YOUR TASK:
What the task needs is the data below, written out verbatim.

EXERCISE DATA:
lemma gen_pos3_hyperplanes:
  assumes "gen_pos3 H1 H2 H3"
  obtains u1 r1 u2 r2 u3 r3
  where "norm u1 = 1" "norm u2 = 1" "norm u3 = 1"
    and "H1 = {x. x \<bullet> u1 = r1}" "H2 = {x. x \<bullet> u2 = r2}" "H3 = {x. x \<bullet> u3 = r3}"
    and "meet H2 H3 \<bullet> u1 \<noteq> r1" "meet H2 H3 \<bullet> u2 = r2" "meet H2 H3 \<bullet> u3 = r3"
    and "meet H1 H3 \<bullet> u1 = r1" "meet H1 H3 \<bullet> u2 \<noteq> r2" "meet H1 H3 \<bullet> u3 = r3"
    and "meet H1 H2 \<bullet> u1 = r1" "meet H1 H2 \<bullet> u2 = r2" "meet H1 H2 \<bullet> u3 \<noteq> r3"
proof -
  have gp: "gen_pos2 H1 H2" "gen_pos2 H2 H3" "gen_pos2 H1 H3" and no_common: "H1 \<inter> H2 \<inter> H3 = {}"
    using assms by (auto simp: gen_pos3_def)
  have "is_line H1" "is_line H2" "is_line H3"
    using gp by (simp_all add: gen_pos2_def)
  then obtain u1 r1 u2 r2 u3 r3 where u: "norm u1 = 1" "norm u2 = 1" "norm u3 = 1"
    and H: "H1 = {x. x \<bullet> u1 = r1}" "H2 = {x. x \<bullet> u2 = r2}" "H3 = {x. x \<bullet> u3 = r3}"
    by (elim is_line_hyperplane)
  have "meet H2 H3 \<in> H2" "meet H2 H3 \<in> H3" "meet H1 H3 \<in> H1" "meet H1 H3 \<in> H3"
       "meet H1 H2 \<in> H1" "meet H1 H2 \<in> H2"
    using meet_mem[OF gp(1)] meet_mem[OF gp(2)] meet_mem[OF gp(3)] by simp_all
  moreover from this have "meet H2 H3 \<notin> H1" "meet H1 H3 \<notin> H2" "meet H1 H2 \<notin> H3"
    using no_common by blast+
  ultimately show ?thesis
    using that[OF u H] by (simp only: H mem_Collect_eq) simp
qed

ANSWER SPACE:
lemma gen_pos3_hyperplanes:
  assumes "gen_pos3 H1 H2 H3"
  obtains u1 r1 u2 r2 u3 r3
  where "norm u1 = 1" "norm u2 = 1" "norm u3 = 1"
    and "H1 = {x. x \<bullet> u1 = r1}" "H2 = {x. x \<bullet> u2 = r2}" "H3 = {x. x \<bullet> u3 = r3}"
    and "meet H2 H3 \<bullet> u1 \<noteq> r1" "meet H2 H3 \<bullet> u2 = r2" "meet H2 H3 \<bullet> u3 = r3"
    and "meet H1 H3 \<bullet> u1 = r1" "meet H1 H3 \<bullet> u2 \<noteq> r2" "meet H1 H3 \<bullet> u3 = r3"
    and "meet H1 H2 \<bullet> u1 = r1" "meet H1 H2 \<bullet> u2 = r2" "meet H1 H2 \<bullet> u3 \<noteq> r3"
proof -
  have gp: "gen_pos2 H1 H2" "gen_pos2 H2 H3" "gen_pos2 H1 H3" and no_common: "H1 \<inter> H2 \<inter> H3 = {}"
    using assms by (auto simp: gen_pos3_def)
  have "is_line H1" "is_line H2" "is_line H3"
    using gp by (simp_all add: gen_pos2_def)
  then obtain u1 r1 u2 r2 u3 r3 where u: "norm u1 = 1" "norm u2 = 1" "norm u3 = 1"
    and H: "H1 = {x. x \<bullet> u1 = r1}" "H2 = {x. x \<bullet> u2 = r2}" "H3 = {x. x \<bullet> u3 = r3}"
    by (elim is_line_hyperplane)
  have "meet H2 H3 \<in> H2" "meet H2 H3 \<in> H3" "meet H1 H3 \<in> H1" "meet H1 H3 \<in> H3"
       "meet H1 H2 \<in> H1" "meet H1 H2 \<in> H2"
    using meet_mem[OF gp(1)] meet_mem[OF gp(2)] meet_mem[OF gp(3)] by simp_all
  moreover from this have "meet H2 H3 \<notin> H1" "meet H1 H3 \<notin> H2" "meet H1 H2 \<notin> H3"
    using no_common by blast+
  ultimately show ?thesis
    using that[OF u H] by (simp only: H mem_Collect_eq) simp
qed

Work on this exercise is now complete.